Hi everyone,
does any of you know a way to make tessearct acknowledge large horizontal distances as separators for blocks?
Considering the attached document (it's just a random example from the web, tesseract shows the same behavior on similar documents). Tesseract consistently fails to recognize the two separate blocks in the header and instead reads the words line by line.
The output then looks like this:
COUR EUROPEENNE EUROPEAN COURT
des of
DROITS DE L’HOMME HUMAN RIGHTS
Where it should clearly look like this:
COUR EUROPEENNE
des
DROITS DE L’HOMME
EUROPEAN COURT
of
HUMAN RIGHTS
Looking at the blocks, it becomes clear that tesseract does not recognize the two header blocks as separate, even though they are clearly distinguishable.
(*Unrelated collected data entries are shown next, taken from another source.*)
text \<open>A word of \<open>\<Omega>\<^sub>T\<close> is a walk of length \<open>T - 1\<close> in the complete digraph on
  \<open>{1,2,3}\<close>, so its transition counts \<open>x\<close> satisfy the flow equations
  \<open>out(i) - in(i) = [first letter = i] - [last letter = i]\<close> and \<open>\<Sum> x = T - 1\<close>. For \<open>T = 6k\<close>
  these constraints let one write \<open>c \<cdot> x = k U + V\<close> with integers \<open>V \<ge> 0\<close> and \<open>U \<ge> 0\<close>,
  except in a single configuration where \<open>k U + V = 0\<close>; hence \<open>c \<cdot> x \<ge> 0\<close> on \<open>P\<^sup>T\<close>.
  Five explicit periodic words attain \<open>c \<cdot> x = 0\<close> with affinely independent count vectors
  and another one does not, while \<open>P\<^sup>T\<close> lies in the hyperplane \<open>\<Sum> x = T - 1\<close>; so the face
  cut out by \<open>c\<close> has dimension \<open>dim P\<^sup>T - 1\<close>. Acting by \<open>\<sigma>\<close> on \<open>c\<close> amounts to relabelling
  letters, which permutes \<open>\<Omega>\<^sub>T\<close> and acts on \<open>\<real>\<^sup>6\<close> by an invertible linear map.\<close>

section \<open>Transition counts\<close>

lemma xcount_Nil [simp]: "xcount i j [] = 0"
  by (simp add: xcount_def)

lemma xcount_Cons:
  "xcount i j (a # v) = of_bool (v \<noteq> [] \<and> a = i \<and> hd v = j) + xcount i j v"
proof -
  let ?A = "{l. Suc l < length v \<and> v ! l = i \<and> v ! Suc l = j}"
  have "finite ?A"
    by (rule finite_subset[of _ "{..<length v}"]) auto
  moreover have "{l. Suc l < length (a # v) \<and> (a # v) ! l = i \<and> (a # v) ! Suc l = j}
      = (if v \<noteq> [] \<and> a = i \<and> hd v = j then {0} else {}) \<union> Suc ` ?A" (is "?L = ?R")
  proof (rule set_eqI)
    show "l \<in> ?L \<longleftrightarrow> l \<in> ?R" for l
      by (cases l) (auto simp: hd_conv_nth)
  qed
  ultimately show ?thesis
    unfolding xcount_def by (simp add: card_image)
qed
lemma append_row_Suc_scale_tail:
  assumes "i \<ge> 1" "A \<noteq> []"
  shows "append_row p (Suc r) (Suc i) (scale_tail p A) = scale_tail p (append_row p r i A)"
proof -
  obtain a as where A: "A = a # as"
    using assms(2) by (cases A) auto
  obtain j where i: "i = Suc j"
    using assms(1) by (cases i) auto
  show ?thesis
    unfolding A i append_row_def scale_tail_def by (simp add: map_concat comp_def mult.left_commute)
qed

lemma append_row_not_Nil: "append_row p r i A \<noteq> []"
  unfolding append_row_def by simp

lemma fold_append_row_Suc_scale_tail:
  assumes "\<forall>i\<in>set ts. i \<ge> 1" "A \<noteq> []"
  shows "fold (append_row p (Suc r)) (map Suc ts) (scale_tail p A)
    = scale_tail p (fold (append_row p r) ts A)"
  using assms
proof (induction ts arbitrary: A)
  case Nil
  then show ?case by simp
next
  case (Cons i ts)
  then show ?case
    by (simp add: append_row_Suc_scale_tail append_row_not_Nil)
qed

lemma length_fold_append_row: "length (fold (append_row p r) ts A) = length A + length ts"
  by (induction ts arbitrary: A) (simp_all add: append_row_def)

lemma hd_fold_append_row:
  "A \<noteq> [] \<Longrightarrow> set (hd (fold (append_row p r) ts A)) \<subseteq> set (hd A)"
proof (induction ts arbitrary: A)
  case Nil
  then show ?case by simp
next
  case (Cons i ts)
  have "set (hd (append_row p r i A)) \<subseteq> set (hd A)"
    using Cons.prems by (cases A) (auto simp: append_row_def)
  moreover have "set (hd (fold (append_row p r) ts (append_row p r i A)))
      \<subseteq> set (hd (append_row p r i A))"
    by (rule Cons.IH[OF append_row_not_Nil])
  ultimately show ?case
    by simp
qed

lemma nth_append_row:
  "k < length A \<Longrightarrow> append_row p r i A ! k = concat (replicate (p ^ (r - i + 1)) (A ! k))"
  unfolding append_row_def by (simp add: nth_append)

lemma nth_length_append_row:
  "append_row p r i A ! length A
    = concat (map (\<lambda>j. replicate (length (hd A)) (j * p ^ (i - 1))) [0..<p ^ (r - i + 1)])"
  unfolding append_row_def by (simp add: nth_append)

lemma row_types_ge_1: "i \<in> set (row_types a) \<Longrightarrow> i \<ge> 1"
  unfolding row_types_def by auto

lemma length_row_types:
  assumes "a \<noteq> []"
  shows "length (row_types a) = (hd a - 1) + sum_list (tl a)"
proof -
  have "map (\<lambda>i. a ! (i - 1)) [2..<length a + 1] = tl a"
    by (rule nth_equalityI) (auto simp: nth_tl simp del: upt_Suc)
  then have "sum_list (map (\<lambda>i. a ! (i - 1)) [2..<length a + 1]) = sum_list (tl a)"
    by simp
  then show ?thesis
    using assms unfolding row_types_def by (simp add: length_concat comp_def hd_conv_nth)
qed

lemma row_types_snoc_Suc:
  assumes "a \<noteq> []"
  shows "row_types (a @ [Suc k]) = row_types (a @ [k]) @ [Suc (length a)]"
proof -
  have upt: "[2..<length (a @ [x]) + 1] = [2..<Suc (length a)] @ [Suc (length a)]" for x :: nat
    using assms by (cases a) (simp_all add: upt_Suc_append del: upt_Suc)
  have "row_types (a @ [x]) = replicate (hd a - 1) 1
      @ concat (map (\<lambda>i. replicate (a ! (i - 1)) i) [2..<Suc (length a)])
      @ replicate x (Suc (length a))" for x
  proof -
    have init: "map (\<lambda>i. replicate ((a @ [x]) ! (i - 1)) i) [2..<Suc (length a)]
        = map (\<lambda>i. replicate (a ! (i - 1)) i) [2..<Suc (length a)]"
      by (intro map_cong) (auto simp: nth_append)
    show ?thesis
      using assms unfolding row_types_def upt map_append init
      by (simp add: nth_append hd_conv_nth del: upt_Suc)
  qed
  then show ?thesis
    by (simp add: replicate_append_same)
qed

lemma row_types_Cons_1:
  assumes "a \<noteq> []"
  shows "row_types (1 # a) = map Suc (row_types (Suc (hd a) # tl a))"
proof -
  obtain x xs where a: "a = x # xs"
    using assms by (cases a) auto
  let ?I = "[2..<Suc (Suc (length xs))]"
  have upt: "[2..<length (1 # a) + 1] = 2 # map Suc ?I"
    unfolding a by (simp add: upt_conv_Cons map_Suc_upt del: upt_Suc)
  have shift: "map (\<lambda>i. replicate ((1 # x # xs) ! i) (Suc i)) ?I
      = map (\<lambda>i. map Suc (replicate ((Suc x # xs) ! (i - 1)) i)) ?I"
  proof (rule map_cong)
    fix i
    assume "i \<in> set ?I"
    then obtain j where "i = Suc (Suc j)"
      using le_Suc_ex[of 2 i] by auto
    then show "replicate ((1 # x # xs) ! i) (Suc i)
        = map Suc (replicate ((Suc x # xs) ! (i - 1)) i)"
      by simp
  qed simp
  have "row_types (1 # a)
      = replicate x 2 @ concat (map (\<lambda>i. replicate ((1 # x # xs) ! i) (Suc i)) ?I)"
    unfolding row_types_def upt by (simp add: a comp_def del: upt_Suc)
  also have "\<dots> = map Suc (row_types (Suc (hd a) # tl a))"
    unfolding shift by (simp add: a row_types_def map_concat comp_def del: upt_Suc)
  finally show ?thesis .
qed

lemma Amat_snoc_Suc:
  assumes "a \<noteq> []"
  shows "Amat p r (a @ [Suc k]) = append_row p r (Suc (length a)) (Amat p r (a @ [k]))"
  using assms by (simp add: Amat_def row_types_snoc_Suc)

lemma Amat_Cons_1:
  assumes "a \<noteq> []"
  shows "Amat p (Suc r) (1 # a) = scale_tail p (Amat p r (Suc (hd a) # tl a))"
proof -
  have "scale_tail p [[1]] = [[1]]"
    by (simp add: scale_tail_def)
  then show ?thesis
    unfolding Amat_def row_types_Cons_1[OF assms]
    by (metis fold_append_row_Suc_scale_tail row_types_ge_1 list.discI)
qed

lemma length_Amat:
  assumes "a \<noteq> []" "hd a \<ge> 1"
  shows "length (Amat p r a) = sum_list a"
proof -
  have "sum_list a = hd a + sum_list (tl a)"
    using assms(1) by (cases a) simp_all
  then show ?thesis
    using assms by (simp add: Amat_def length_fold_append_row length_row_types)
qed

lemma Amat_not_Nil: "Amat p r a \<noteq> []"
  by (simp add: Amat_def flip: length_0_conv add: length_fold_append_row)

lemma Amat_nth_0: "Amat p r a ! 0 = replicate (length (Amat p r a ! 0)) 1"
proof -
  have "Amat p r a \<noteq> []"
    by (rule Amat_not_Nil)
  moreover have "set (hd (Amat p r a)) \<subseteq> {1}"
    using hd_fold_append_row[of "[[1]]"] by (simp add: Amat_def)
  ultimately show ?thesis
    by (auto simp: hd_conv_nth intro: replicate_length_same[symmetric])
qed

lemma Amat_eq_append_row_last:
  assumes "length t \<ge> 2" "last t \<ge> 1"
  shows "Amat p r t = append_row p r (length t) (Amat p r (butlast t @ [last t - 1]))"
proof -
  have "butlast t \<noteq> []" "t \<noteq> []"
    using assms(1) by (auto simp flip: length_greater_0_conv)
  moreover have "t = butlast t @ [Suc (last t - 1)]"
    using assms(2) calculation(2) by simp
  ultimately show ?thesis
    by (metis Amat_snoc_Suc length_append_singleton)
qed

lemma Amat_raise_row_types:
  assumes "length t \<ge> 2" "t ! 0 \<ge> 1"
  shows "Amat p (Suc r) ([1, t ! 0 - 1] @ take (length t - 2) (drop 1 t) @ [t ! (length t - 1) - 1])
    = scale_tail p (Amat p r (butlast t @ [last t - 1]))"
proof -
  obtain x xs where t: "t = x # xs"
    using assms(1) by (cases t) auto
  have "butlast t = x # take (length t - 2) (drop 1 t)" "last t = t ! (length t - 1)"
    using assms(1) unfolding t by (auto simp: butlast_conv_take last_conv_nth take_Cons')
  then show ?thesis
    using Amat_Cons_1[of "(x - 1) # take (length t - 2) (drop 1 t) @ [last t - 1]" p r] assms(2)
    unfolding t by simp
qed

lemma length_Amat_butlast:
  assumes "length t \<ge> 2" "hd t \<ge> 1" "last t \<ge> 1"
  shows "length (Amat p r (butlast t @ [last t - 1])) = sum_list t - 1"
proof -
  obtain x xs where t: "t = x # xs" "xs \<noteq> []"
    using assms(1) by (cases t) (auto simp flip: length_greater_0_conv)
  have "sum_list t = sum_list (butlast t) + last t"
    by (metis append_butlast_last_id[of t] t(1) list.discI sum_list_append sum_list.Cons
        sum_list.Nil add_0_right)
  then show ?thesis
    using length_Amat[of "butlast t @ [last t - 1]" p r] assms(2,3) t by simp
qed

theorem proposition2:
  fixes p s :: nat and t :: "nat list"
  assumes "prime p" and "s \<ge> 2" and "length t = s"
    and "t ! 0 \<ge> 1" and "t ! (s - 1) \<ge> 1"
  defines "N \<equiv> sum_list t"
    and "W \<equiv> Amat p s t"
    and "V \<equiv> Amat p (Suc s) ([1, t ! 0 - 1] @ take (s - 2) (drop 1 t) @ [t ! (s - 1) - 1])"
  shows "(\<forall>i\<in>{2..N - 1}. \<forall>\<sigma>. vec_ord (p ^ s) (W ! (i - 1)) = p ^ \<sigma> \<longrightarrow>
            (\<forall>q<\<sigma>. tau_tilde p (Suc s) (vsmult (p ^ Suc s) (p ^ q) (V ! (i - 1)))
                    = vsmult (p ^ s) (p ^ q) (W ! (i - 1))))
       \<and> (\<forall>j<s. tau_tilde p (Suc s) (vsmult (p ^ Suc s) (p ^ (j + 1)) (V ! 0))
                  = vsmult (p ^ s) (p ^ j) (W ! 0))
       \<and> tau_tilde p (Suc s) (V ! 0) = W ! (N - 1)"
proof -
  have p: "p \<ge> 2"
    using assms(1) by (simp add: prime_ge_2_nat)
  have last: "last t = t ! (s - 1)" and hd: "hd t = t ! 0"
    using assms(2,3) by (auto simp: last_conv_nth hd_conv_nth simp flip: length_greater_0_conv)
  define A where "A = Amat p s (butlast t @ [last t - 1])"
  have W: "W = append_row p s s A"
    unfolding W_def A_def using Amat_eq_append_row_last[of t p s] assms(2,3,5) last by simp
  have V: "V = scale_tail p A"
    unfolding V_def A_def using Amat_raise_row_types[of t p s] assms(2-4) by simp
  have len: "length A = N - 1"
    unfolding A_def N_def using length_Amat_butlast[of t p s] assms(2-5) last hd by simp
  have A0: "A \<noteq> []" "A ! 0 = replicate (length (hd A)) 1"
    unfolding A_def using Amat_not_Nil Amat_nth_0 by (auto simp: hd_conv_nth)
  have rows: "tau_tilde p (Suc s) (vsmult (p ^ Suc s) a (map ((*) p) (A ! i)))
      = vsmult (p ^ s) a (W ! i)"
    if "i < length A" for i a
    unfolding W nth_append_row[OF that] tau_tilde_vsmult_map_mult_p[OF assms(2) p] by simp
  have "tau_tilde p (Suc s) (vsmult (p ^ Suc s) a (V ! (i - 1))) = vsmult (p ^ s) a (W ! (i - 1))"
    if "i \<in> {2..N - 1}" for i a
    using that len rows[of "i - 1" a] nth_scale_tail[of "i - 1" A p] by (auto simp: V)
  moreover have "tau_tilde p (Suc s) (vsmult (p ^ Suc s) (p ^ (j + 1)) (V ! 0))
      = vsmult (p ^ s) (p ^ j) (W ! 0)" for j
    using rows[of 0 "p ^ j"] vsmult_mult[of "p ^ Suc s" "p ^ j" p] A0(1)
    by (simp add: V nth_scale_tail_0 mult.commute)
  moreover have "tau_tilde p (Suc s) (V ! 0) = W ! (N - 1)"
    using tau_tilde_replicate_one[OF assms(2) p] nth_length_append_row[of p s s A] len A0
    by (simp add: V W nth_scale_tail_0)
  ultimately show ?thesis
    by blast
qed

end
Is there a way to tweak tesseract's block/paragraph detection to be more sensitive to this and correctly separate the header blocks?
This problem has been haunting me for a while now. and tesseract is such a powerful tool and does such a great job with tasks that are way more complex, that I just cannot accept that it can't get this right.
Thanks in advance for you help,
best,
Peter
PS:
Find below the version I'm using. I do not think this is a problem of the version, though, the issue is the same with version 3.
tesseract 4.0.0-beta.3-199-gba757
leptonica-1.76.0
libgif 5.1.4 : libjpeg 8d (libjpeg-turbo 1.4.2) : libpng 1.2.54 : libtiff 4.0.6 : zlib 1.2.8 : libwebp 0.4.4 : libopenjp2 2.3.0
Found SSE